The history of kidney stone was judged by “Ever had kidney stones?” Those who reported an answer to the question suggested diagnosed history of kidney stones. The data were considered missing for participants whose response was “Do not know” or “Refused.”

2.2.2. Exposure

TG/HDL-C ratio was defined as TG (mg/dL) divided by HDL-C (mg/dL) (13, 19). METS-IR was calculated as Ln [2 × fasting glucose (mg/dL) + fasting TG (mg/dL)] × BMI / Ln (HDL-C) (mg/dL) (20). TyG-BMI = Ln [TG (mg/dL) × fasting glucose (mg/dL) / 2] × BMI (21). VAI, a lipid- based IR marker, is gender specific and was calculated as follows (22). For males: VAI = [WC (cm) / 39.68 + (1.88 × BMI)] × [(TG (mmol/L) /1.03)] × [1.31 / HDL-C (mmol/L)]. For females: VAI = [WC / 36.58 + (1.89 × BMI)] × (TG / 0.81) × (1.52 / HDL-C). HOMA-IR was defined as fasting glucose (mg/dL) × fasting insulin (mU/L) / 405 (23). BMI (kg/m2) was calculated as weight divided by height square.

2.2.3. Covariates

Demographic information on sex (male/female), age (continuous; years), race/ethnicity (Mexican American, other Hispanic, Non-Hispanic White, Non-Hispanic Black, or other), education level (less than high school, equal to high school graduate, beyond high school) was obtained by interview questionnaires. In terms of the history of cigarette smoking (current, ever), current smoking patients refer to those who are currently smoking cigarettes and having smoked at least 100 cigarettes in one’s lifetime. As for alcohol consumption frequency, the participants were categorized into less than twelve drinks per year or at least twelve drinks per year. Hypertension (yes/no) was defined according to self-reported previous clinical diagnosis, or measurement of systolic blood pressure ≥ 140 mmHg or diastolic blood pressure ≥ 90 mmHg (24). Diabetes mellitus was defined as a previous diabetes diagnosis, or fasting plasma glucose ≥7.0 mmol/L, or glycohemoglobin ≥6.5% (25). All included individuals had two round of 24 h dietary recalls and the average water intake amount of the two recalls has been used in our study. The water intake amount was then categorized into tertiles, with the lowest tertile serving as a reference. The physical activity strength (vigorous or moderate or below moderate) was included in the adjusted multivariate model.

The levels of serum TG and HDL-C were detected by Cobas 6,000 Chemistry Analyzer. The levels of serum fasting glucose and fasting insulin were tested by Cobas C Chemistry Analyzer and Tosoh Bioscience AIA-900, respectively. Assayed by Roche Cobas 6,000 Chemistry Analyzer, the levels of serum calcium (mg/dL), cholesterol (mg/dL), and uric acid (mg/dL) were also identified as covariates that might influence the association between IR indices and kidney stones. There were no changes in the equipment or methods during the 2015–2018 cycles.

2.3. Statistical analysis

Data analyses were performed using IBM SPSS Statistics (version 22) and R 4.3.0. A two-tailed p value <0.05 was considered statistically significant. The statistical procedures were conducted according to the NCHC tutorials.2 A combination of Mobile Examination Center exam weights, fasting subsample weights and dietary sample weights was used based on the principle of using the smallest subpopulation weight of NHANES (26).
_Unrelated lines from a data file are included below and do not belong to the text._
(* Let $\sigma>n$. There is a constant $C$ such that for all $y\in\mathbb{R}^n$, $$\mathcal{A}_y:=\sup_{w\in\mathbb{R}^n}\int_{|x|>2|w|}\sup_{j\in\mathbb{Z}}\big|\Lambda^y_{j,\sigma}(x-w)-\Lambda^y_{j,\sigma}(x)\big|\,dx\le C\ln(e+|y|).$$
   Context: For $j\in\mathbb{Z}$, $y\in\mathbb{R}^n$, $\sigma>n$, $\Lambda^y_{j,\sigma}(x):=\frac{2^{jn}}{(1+|2^jx-y|)^{\sigma}}$. $C$ depends only on $n$ and $\sigma$. *)

theory Defs
  imports "HOL-Analysis.Analysis"
begin

definition Lambda :: "int \<Rightarrow> real \<Rightarrow> 'a::euclidean_space \<Rightarrow> 'a \<Rightarrow> real" where
  "Lambda j \<sigma> y x = (2 powr (real_of_int j * real DIM('a))) /
      (1 + norm ((2 powr real_of_int j) *\<^sub>R x - y)) powr \<sigma>"

end

theory Submission
  imports Defs
begin

text \<open>
  Write Lambda_j(x) = 2^(jn) phi(2^j x - y) with the profile phi(z) = (1 + |z|)^(-sigma).
  The substitution u = 2^j x turns the j-th integral into G(2^j w), where
  G(v) is the integral of |phi(u - v - y) - phi(u - y)| over |u| > 2|v|. Three estimates
  control G: G(v) = O(|v|) for |v| <= 1/2, because phi is Lipschitz relative to itself;
  G(v) <= 2 |phi|_1 always; and G(v) = O(|v|^(n - sigma)) once |v| >= 4|y|, since then both
  terms only see the tail of phi. Bounding the supremum over j by the sum over j and splitting
  at the scale j0 with 2^j0 |w| in (1/4, 1/2], the scales below j0 and those with
  2^j |w| >= 4|y| form geometric series, and only the O(log(e + |y|)) scales in between
  contribute the constant bound.
\<close>

section \<open>The decay profile\<close>

definition decay :: "real \<Rightarrow> 'a::real_normed_vector \<Rightarrow> real" where
  "decay s z = 1 / (1 + norm z) powr s"

lemma decay_pos: "0 < decay s z"
proof -
  have "0 < 1 + norm z" using norm_ge_zero[of z] by linarith
  then show ?thesis by (simp add: decay_def)
qed

lemma decay_nonneg [simp]: "0 \<le> decay s z"
  using decay_pos[of s z] by simp

lemma decay_le_one: "0 \<le> s \<Longrightarrow> decay s z \<le> 1"
  by (simp add: decay_def divide_le_eq ge_one_powr_ge_zero)

lemma decay_le_norm_powr:
  assumes "0 \<le> s" "0 < r" "r \<le> norm z"
  shows "decay s z \<le> r powr (- s)"
proof -
  have "decay s z \<le> 1 / r powr s"
    unfolding decay_def using assms by (intro divide_left_mono powr_mono2) auto
  then show ?thesis by (simp add: powr_minus_divide)
qed

lemma measurable_decay [measurable]:
  "f \<in> borel_measurable M \<Longrightarrow> (\<lambda>x. decay s (f x)) \<in> borel_measurable M"
  unfolding decay_def by measurable

lemma Lambda_eq_decay:
  "Lambda j s y x = (2 powr of_int j) ^ DIM('a) * decay s ((2 powr of_int j) *\<^sub>R x - y)"
  for y x :: "'a::euclidean_space"
  by (simp add: Lambda_def decay_def powr_realpow[symmetric] powr_powr)

lemma inverse_powr_diff_le:
  fixes a b s :: real
  assumes "0 \<le> a" "a \<le> b" "0 \<le> s"
  shows "1 / (1 + a) powr s - 1 / (1 + b) powr s \<le> s * (b - a) / (1 + a) powr s"
proof -
  define p where "p = (1 + b) / (1 + a)"
  have p1: "1 \<le> p" using assms by (simp add: p_def field_simps)
  have "1 - s * ln p \<le> exp (- (s * ln p))" using exp_ge_add_one_self[of "- (s * ln p)"] by simp
  also have "exp (- (s * ln p)) = p powr (- s)" using p1 by (simp add: powr_def)
  finally have "1 - p powr (- s) \<le> s * ln p" by simp
  also have "\<dots> \<le> s * (p - 1)" using p1 assms by (intro mult_left_mono ln_le_minus_one) auto
  also have "p - 1 = (b - a) / (1 + a)" using assms by (simp add: p_def field_simps)
  also have "\<dots> \<le> b - a" using assms by (simp add: divide_le_eq mult_le_cancel_left1)
  finally have "1 - p powr (- s) \<le> s * (b - a)" using assms by (simp add: mult_left_mono)
  moreover have "1 / (1 + a) powr s - 1 / (1 + b) powr s = (1 - p powr (- s)) / (1 + a) powr s"
    using assms by (simp add: p_def powr_minus_divide powr_divide diff_divide_distrib)
  ultimately show ?thesis using assms by (simp add: divide_right_mono)
qed

lemma abs_inverse_powr_diff_le:
  fixes a b s :: real
  assumes "0 \<le> a" "0 \<le> b" "0 \<le> s"
  shows "\<bar>1 / (1 + a) powr s - 1 / (1 + b) powr s\<bar> \<le> s * \<bar>a - b\<bar> / (1 + min a b) powr s"
proof (cases "a \<le> b")
  case True
  have "1 / (1 + b) powr s \<le> 1 / (1 + a) powr s"
    using True assms by (intro divide_left_mono powr_mono2) auto
  then show ?thesis using inverse_powr_diff_le[of a b s] True assms by (simp add: min_def)
next
  case False
  have "1 / (1 + a) powr s \<le> 1 / (1 + b) powr s"
    using False assms by (intro divide_left_mono powr_mono2) auto
  then show ?thesis using inverse_powr_diff_le[of b a s] False assms by (simp add: min_def)
qed

text \<open>Moving the argument by at most \<open>1/2\<close> changes \<open>1 + norm z\<close> by at most a factor \<open>2\<close>.\<close>
lemma abs_decay_diff_le:
  fixes z v :: "'a::real_normed_vector"
  assumes "norm v \<le> 1/2" "0 \<le> s"
  shows "\<bar>decay s (z - v) - decay s z\<bar> \<le> s * 2 powr s * norm v * decay s z"
proof -
  have pz: "0 < 1 + norm z" using norm_ge_zero[of z] by linarith
  have d: "\<bar>norm (z - v) - norm z\<bar> \<le> norm v"
    using norm_triangle_ineq3[of "z - v" z] by simp
  have m: "(1 + norm z) / 2 \<le> 1 + min (norm (z - v)) (norm z)"
    using d assms norm_ge_zero[of z] unfolding abs_le_iff min_def by argo
  have "\<bar>decay s (z - v) - decay s z\<bar>
      \<le> s * \<bar>norm (z - v) - norm z\<bar> / (1 + min (norm (z - v)) (norm z)) powr s"
    unfolding decay_def using assms by (intro abs_inverse_powr_diff_le) auto
  also have "\<dots> \<le> s * norm v / ((1 + norm z) / 2) powr s"
    using d m assms pz by (intro frac_le mult_left_mono powr_mono2) auto
  also have "\<dots> = s * 2 powr s * norm v * decay s z"
    using pz by (simp add: decay_def powr_divide)
  finally show ?thesis .
qed

section \<open>Dyadic scales\<close>

lemma ex_power_of_two_ivl:
  fixes x :: real
  assumes "0 < x"
  obtains j :: int where "2 powr j \<le> x" "x < 2 powr (j + 1)"
  using floor_log_eq_powr_iff[OF assms, of 2] by auto

lemma ex_power_of_two_ivl_nat:
  fixes x :: real
  assumes "1 \<le> x"
  obtains k :: nat where "2 ^ k \<le> x" "x < 2 ^ Suc k"
proof -
  obtain j :: int where j: "2 powr j \<le> x" "x < 2 powr (j + 1)"
    using ex_power_of_two_ivl[of x] assms by auto
  have "0 \<le> j"
  proof (rule ccontr)
    assume "\<not> 0 \<le> j"
    then have "2 powr (j + 1) \<le> 2 powr 0" by (intro powr_mono) auto
    with j assms show False by simp
  qed
  then show ?thesis
    using that[of "nat j"] j by (simp add: powr_realpow[symmetric] powr_add)
qed

lemma ex_power_of_two_ge_log_bounded:
  fixes Y :: real
  assumes "0 \<le> Y"
  obtains N :: nat where "8 * Y \<le> 2 ^ N" "real N \<le> 6 * ln (exp 1 + Y)"
proof
  define L where "L = ln (exp 1 + Y)"
  have eY: "0 < exp 1 + Y" using assms by (simp add: add_pos_nonneg)
  have L1: "1 \<le> L"
    unfolding L_def using assms by (subst ln_ge_iff) (auto simp: add_pos_nonneg)
  have l0: "0 \<le> log 2 (8 * Y + 1)" using assms by simp
  show "8 * Y \<le> 2 ^ nat \<lceil>log 2 (8 * Y + 1)\<rceil>"
    using power_of_nat_log_ge[of 2 "8 * Y + 1"] by simp
  have "ln (8 * Y + 1) \<le> ln (8 * (exp 1 + Y))"
    using assms exp_ge_add_one_self[of 1] by (subst ln_le_cancel_iff) (auto simp: add_pos_nonneg)
  also have "\<dots> = 3 * ln 2 + L"
    unfolding L_def using eY ln_realpow[of 2 3] by (subst ln_mult) auto
  finally have "log 2 (8 * Y + 1) \<le> 3 + L / ln 2"
    by (simp add: log_def divide_right_mono add_divide_distrib[symmetric] field_simps)
  moreover have "L / ln 2 \<le> L / (2/3)"
    using L1 ln2_ge_two_thirds by (intro divide_left_mono) auto
  ultimately show "real (nat \<lceil>log 2 (8 * Y + 1)\<rceil>) \<le> 6 * ln (exp 1 + Y)"
    using l0 L1 unfolding L_def by (simp add: of_nat_nat) linarith
qed

section \<open>Integrals over Euclidean space\<close>

lemma le_suminf_ennreal: "(f::nat \<Rightarrow> ennreal) k \<le> suminf f"
  using sum_le_suminf[of f "{k}"] by simp

lemma nn_integral_lborel_affine:
  fixes f :: "'a::euclidean_space \<Rightarrow> ennreal"
  assumes [measurable]: "f \<in> borel_measurable borel" and "c \<noteq> 0"
  shows "(\<integral>\<^sup>+x. f x \<partial>lborel) = ennreal (\<bar>c\<bar> ^ DIM('a)) * (\<integral>\<^sup>+x. f (t + c *\<^sub>R x) \<partial>lborel)"
  by (subst lborel_affine[OF \<open>c \<noteq> 0\<close>, of t])
     (simp add: nn_integral_density nn_integral_distr nn_integral_cmult)

lemma nn_integral_lborel_translate:
  fixes f :: "'a::euclidean_space \<Rightarrow> ennreal"
  assumes "f \<in> borel_measurable borel"
  shows "(\<integral>\<^sup>+x. f (x + c) \<partial>lborel) = (\<integral>\<^sup>+x. f x \<partial>lborel)"
  using nn_integral_lborel_affine[OF assms, of 1 c] by (simp add: add.commute)

lemma mem_cube_if_norm_le:
  fixes u :: "'a::euclidean_space"
  assumes "norm u \<le> r"
  shows "u \<in> cbox (- (r *\<^sub>R One)) (r *\<^sub>R One)"
  using assms by (auto simp: mem_box inner_sum_Basis abs_le_iff dest!: Basis_le_norm[of _ u])

lemma emeasure_lborel_cube:
  assumes "0 \<le> r"
  shows "emeasure lborel (cbox (- (r *\<^sub>R One)) (r *\<^sub>R (One::'a::euclidean_space)))
    = ennreal ((2 * r) ^ DIM('a))"
proof -
  have "emeasure lborel (cbox (- (r *\<^sub>R One)) (r *\<^sub>R (One::'a)))
      = ennreal (\<Prod>b\<in>(Basis::'a set). 2 * r)"
    using assms by (auto simp: emeasure_lborel_cbox_eq inner_sum_Basis algebra_simps intro!: prod.cong)
  then show ?thesis by (simp add: prod_constant)
qed

definition tail_const :: "nat \<Rightarrow> real \<Rightarrow> real" where
  "tail_const n s = 4 ^ n / (1 - 2 powr (real n - s))"

lemma two_powr_less_one: "real n < s \<Longrightarrow> 2 powr (real n - s) < (1::real)"
  by (intro powr_less_one) auto

lemma tail_const_pos: "real n < s \<Longrightarrow> 0 < tail_const n s"
  using two_powr_less_one[of n s] by (simp add: tail_const_def)

lemma norm_powr_le_dyadic_cube_sum:
  fixes u :: "'a::euclidean_space"
  assumes "0 < R" "0 \<le> s"
  shows "ennreal (norm u powr (- s)) * indicator {u. R < norm u} u
    \<le> (\<Sum>k. ennreal ((2 ^ k * R) powr (- s))
            * indicator (cbox (- ((2 ^ Suc k * R) *\<^sub>R One)) ((2 ^ Suc k * R) *\<^sub>R One)) u)"
proof (cases "R < norm u")
  case True
  then obtain k where k: "2 ^ k \<le> norm u / R" "norm u / R < 2 ^ Suc k"
    using ex_power_of_two_ivl_nat[of "norm u / R"] assms by auto
  have "norm u powr (- s) \<le> (2 ^ k * R) powr (- s)"
    using k assms by (intro powr_mono2') (auto simp: field_simps)
  moreover have "u \<in> cbox (- ((2 ^ Suc k * R) *\<^sub>R One)) ((2 ^ Suc k * R) *\<^sub>R One)"
    using k assms by (intro mem_cube_if_norm_le) (simp add: field_simps)
  ultimately have "ennreal (norm u powr (- s)) * indicator {u. R < norm u} u
      \<le> ennreal ((2 ^ k * R) powr (- s))
          * indicator (cbox (- ((2 ^ Suc k * R) *\<^sub>R One)) ((2 ^ Suc k * R) *\<^sub>R One)) u"
    using True by simp
  also have "\<dots> \<le> (\<Sum>k. ennreal ((2 ^ k * R) powr (- s))
      * indicator (cbox (- ((2 ^ Suc k * R) *\<^sub>R One)) ((2 ^ Suc k * R) *\<^sub>R One)) u)"
    by (rule le_suminf_ennreal)
  finally show ?thesis .
qed simp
The four-year weights were created for the 2015–2018 cycles by dividing the 2-year weights by 2. Continuous variables were described as mean ± standard error (SE), and categorical variables were summarized as percentages. The difference between subjects grouped was evaluated by a weighted Student’s t-test (for continuous variables) or weighted Chi-Square test (for categorical variables). As for the cross-sectional investigation, an adjusted multivariate logistic regression was applied to attain the association of IR indices and nephrolithiasis with summary of potential confounders (27). Apart from the demographic covariates (age, sex and race in Model 1), Model 2 included confounders of education, smoking and alcohol use, status of chronic diseases (diabetes and hypertension), water intake and physical activities. Water intake and physical activity have been suggested to reduce the occurrence and recurrence risk of nephrolithiasis (28, 29). Model 3 included variables in Model 2 plus serum levels of calcium, cholesterol, and uric acid, as hypercalcemia, hypercalciuria, dyslipidemia, and hyperuricemia have been regarded as the risk factors for urinary stone formation (30–33). Subgroup analysis and interaction tests were conducted in different gender and diabetic status. Additionally, restricted cubic spline (RCS) models with four knots were applied to explore the nonlinear association between the IR indices and nephrolithiasis. Associations were presented as predicted mean values and 95% confidence intervals (CI) of odds ratio (OR).

3. Results

3.1. Participant characteristics

The demographic and social characteristics and the laboratory results of the participants are presented in Table 1. Among the 3,504 participants, 371 had kidney stones. After weighting, approximately 11.1% (95% CI, 9.5–13.0%) of the sampled participants had kidney stones. These participants were senior compared to the participants without kidney stones (p < 0.05, Table 1). Whether or not diagnosed as kidney stones varied by race. Higher rates of hypertension and diabetes were found in the participants with nephrolith (p < 0.05). No significant difference was observed between the non-stone formers and the stone formers in gender, education, smoking status, alcohol drinking frequency, strength of work and recreational activities, amount of water intake, total calcium, total cholesterol, and uric acid level. Higher levels of the TG/HDL-C ratio, METS-IR, TyG-BMI, VAI, and HOMA-IR were observed in the participants diagnosed with nephrolithiasis (p < 0.05).

Table 1.

Weighted demographic and clinical characteristics of the participants according to whether diagnosed as kidney stones or not.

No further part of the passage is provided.